The bulb that comes with it is rather unsuitable, actually. I used to have one of those minibows, and I had to replace the bulb with one of those 10w 6500k walmart bulbs. That being said, once I replaced the bulb, it grew low-light plants just fine.

Here's a pic of the tank, from back when it was up and running:











The only reason it was dismantled is that I ended up not liking the bowfront, and went with a standard, flat-glass 2.5g instead. Just remember that 2.5 gallons is not much water at ALL, and you will have to constantly top off, because any fluctuations will be drastic and harm/kill your livestock. It's an ongoing problem of mine, which is why my 2.5 is currently devoid of any animal life.

Hope that helps.


----------



## Eden Marel (Jan 28, 2010)

I have the Aqueon 5g, and yes you do need to switch the bulb since it is incandescent. I too do not like the bow front, so I'll be buying a Aqueon 5.5g rectangle glass soon and use the bwofront to house some snails.

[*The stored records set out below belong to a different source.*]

lemma conjugate_inv_P_conj_word [simp]:
  "u \<in> carrier G \<Longrightarrow> v \<in> carrier G \<Longrightarrow> conjugate (inv (P (conj_word a b c i j k u))) v = conjugate (inv (P u)) v"
  by (metis conjugate_P_inv conjugate_P_conj_word conj_word_closed inv_closed conj_word_inv)

lemma conj_word_generators:
  "u \<in> carrier G \<Longrightarrow> conjugate (P a) u = conj_word a b c 1 0 0 u"
  "u \<in> carrier G \<Longrightarrow> conjugate (P b) u = conj_word a b c 0 1 0 u"
  "u \<in> carrier G \<Longrightarrow> conjugate (P c) u = conj_word a b c 0 0 1 u"
  "u \<in> carrier G \<Longrightarrow> conjugate (inv (P a)) u = conj_word a b c (- 1) 0 0 u"
  "u \<in> carrier G \<Longrightarrow> conjugate (inv (P b)) u = conj_word a b c 0 (- 1) 0 u"
  "u \<in> carrier G \<Longrightarrow> conjugate (inv (P c)) u = conj_word a b c 0 0 (- 1) u"
  using abc by (simp_all add: conj_word_def int_pow_neg)

end

lemmas conj_word_simps = conj_word_closed conj_word_mult conj_word_inv conj_word_zero conj_word_comp
  conjugate_P_conj_word conjugate_inv_P_conj_word conj_word_generators

text \<open>The solutions \<open>r, r', r\<^sup>~, r\<^sup>~'\<close> before twisting by \<open>\<alpha>\<close>; \<open>rt\<close> stands for \<open>r\<^sup>~\<close>.
  As in \<open>r(g, h) = (\<sigma>\<^sub>g(h), \<tau>\<^sub>h(g))\<close>, the first argument of each \<open>tau\<close> map is the index \<open>h\<close>.\<close>

definition sigma_r :: "'a \<Rightarrow> 'a \<Rightarrow> 'a" where
  "sigma_r g h = P g \<otimes> h \<otimes> inv (P g)"

definition tau_r :: "'a \<Rightarrow> 'a \<Rightarrow> 'a" where
  "tau_r h g = inv (P h) \<otimes> P g \<otimes> inv h \<otimes> inv (P g) \<otimes> g \<otimes> P g \<otimes> h \<otimes> inv (P g) \<otimes> P h"

definition sigma_r' :: "'a \<Rightarrow> 'a \<Rightarrow> 'a" where
  "sigma_r' g h = g \<otimes> P g \<otimes> h \<otimes> inv (P g) \<otimes> inv g"

definition tau_r' :: "'a \<Rightarrow> 'a \<Rightarrow> 'a" where
  "tau_r' h g = inv (P h) \<otimes> g \<otimes> P h"

definition sigma_rt :: "'a \<Rightarrow> 'a \<Rightarrow> 'a" where
  "sigma_rt g h = inv (P g) \<otimes> h \<otimes> P g"

definition tau_rt :: "'a \<Rightarrow> 'a \<Rightarrow> 'a" where
  "tau_rt h g = inv (P g) \<otimes> inv h \<otimes> P g \<otimes> g \<otimes> h"

definition sigma_rt' :: "'a \<Rightarrow> 'a \<Rightarrow> 'a" where
  "sigma_rt' g h = g \<otimes> h \<otimes> P h \<otimes> inv g \<otimes> inv (P h)"

definition tau_rt' :: "'a \<Rightarrow> 'a \<Rightarrow> 'a" where
  "tau_rt' h g = P h \<otimes> g \<otimes> inv (P h)"

lemmas solution_maps_defs = sigma_r_def tau_r_def sigma_r'_def tau_r'_def
  sigma_rt_def tau_rt_def sigma_rt'_def tau_rt'_def

lemma solution_maps_closed [simp]:
  assumes "g \<in> carrier G" "h \<in> carrier G"
  shows "sigma_r g h \<in> carrier G" "tau_r h g \<in> carrier G" "sigma_r' g h \<in> carrier G" "tau_r' h g \<in> carrier G"
    and "sigma_rt g h \<in> carrier G" "tau_rt h g \<in> carrier G" "sigma_rt' g h \<in> carrier G" "tau_rt' h g \<in> carrier G"
  using assms by (simp_all add: solution_maps_defs)

lemma solution_maps_conjugate:
  assumes "g \<in> carrier G" "h \<in> carrier G"
  shows "sigma_r g h = conjugate (P g) h"
    and "tau_r h g = conjugate (inv (P h)) (inv (conjugate (P g) h) \<otimes> g \<otimes> conjugate (P g) h)"
    and "sigma_r' g h = g \<otimes> conjugate (P g) h \<otimes> inv g"
    and "tau_r' h g = conjugate (inv (P h)) g"
    and "sigma_rt g h = conjugate (inv (P g)) h"
    and "tau_rt h g = inv (conjugate (inv (P g)) h) \<otimes> g \<otimes> h"
    and "sigma_rt' g h = g \<otimes> h \<otimes> inv (conjugate (P h) g)"
    and "tau_rt' h g = conjugate (P h) g"
  using assms by (simp_all add: solution_maps_defs conjugate_def m_assoc inv_mult_group)

lemmas solution_maps_simps = solution_maps_conjugate conjugate_P_simps m_assoc inv_mult_group

lemma braid_relations_r: "braid_relations (carrier G) sigma_r tau_r"
  apply (rule braid_relationsI)
  subgoal for x y z by (simp add: solution_maps_simps conj_word_simps[of x y z])
  done

lemma braid_relations_r': "braid_relations (carrier G) sigma_r' tau_r'"
  apply (rule braid_relationsI)
  subgoal for x y z by (simp add: solution_maps_simps conj_word_simps[of x y z])
  done

lemma braid_relations_rt: "braid_relations (carrier G) sigma_rt tau_rt"
  apply (rule braid_relationsI)
  subgoal for x y z by (simp add: solution_maps_simps conj_word_simps[of x y z])
  done

lemma braid_relations_rt': "braid_relations (carrier G) sigma_rt' tau_rt'"
  apply (rule braid_relationsI)
  subgoal for x y z by (simp add: solution_maps_simps conj_word_simps[of x y z])
  done

lemma r_r'_inverse:
  assumes "x \<in> carrier G" "y \<in> carrier G"
  shows "sigma_r' (sigma_r x y) (tau_r y x) = x \<and> tau_r' (tau_r y x) (sigma_r x y) = y"
    and "sigma_r (sigma_r' x y) (tau_r' y x) = x \<and> tau_r (tau_r' y x) (sigma_r' x y) = y"
  using assms by (simp_all add: solution_maps_simps conj_word_simps[of x y \<one>])

lemma rt_rt'_inverse:
  assumes "x \<in> carrier G" "y \<in> carrier G"
  shows "sigma_rt' (sigma_rt x y) (tau_rt y x) = x \<and> tau_rt' (tau_rt y x) (sigma_rt x y) = y"
    and "sigma_rt (sigma_rt' x y) (tau_rt' y x) = x \<and> tau_rt (tau_rt' y x) (sigma_rt' x y) = y"
  using assms by (simp_all add: solution_maps_simps conj_word_simps[of x y \<one>])

lemma bij_betw_r: "bij_betw (\<lambda>(x, y). (sigma_r x y, tau_r y x)) (carrier G \<times> carrier G) (carrier G \<times> carrier G)"
  by (rule bij_betw_of_inverse_pair_maps[where \<sigma>'=sigma_r' and \<tau>'=tau_r']) (simp_all add: r_r'_inverse)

The filter is also very weak, so you can basically only have a single betta in there, a few shrimps and some low light plants.


----------



## chrisnif (Aug 20, 2010)

Hmm I've got a walmart 5.5 gallon sitting under a 20 gallon I've got. Maybe I'll build an overflow/powerhead filter (like a nanocube) and make it about 3 gallons volume 2.5ish in front. It has a screw base so I could put the same walmart bulb in and have much more filter, and square (actually ends up being a cube, you put the 5.5 gallon sidewides). I'll have to see.

As far as top off I kinda figured. I run a reef tank with no top what so ever (light hanging above the tank) it's a 20H and I run at least a gallon a day in top off, and my 56 gallon semi-planted lake tanganyika tank loses 4 gallons a week, so thats no issue. I may look into the 2.5 gallon all glass too.


----------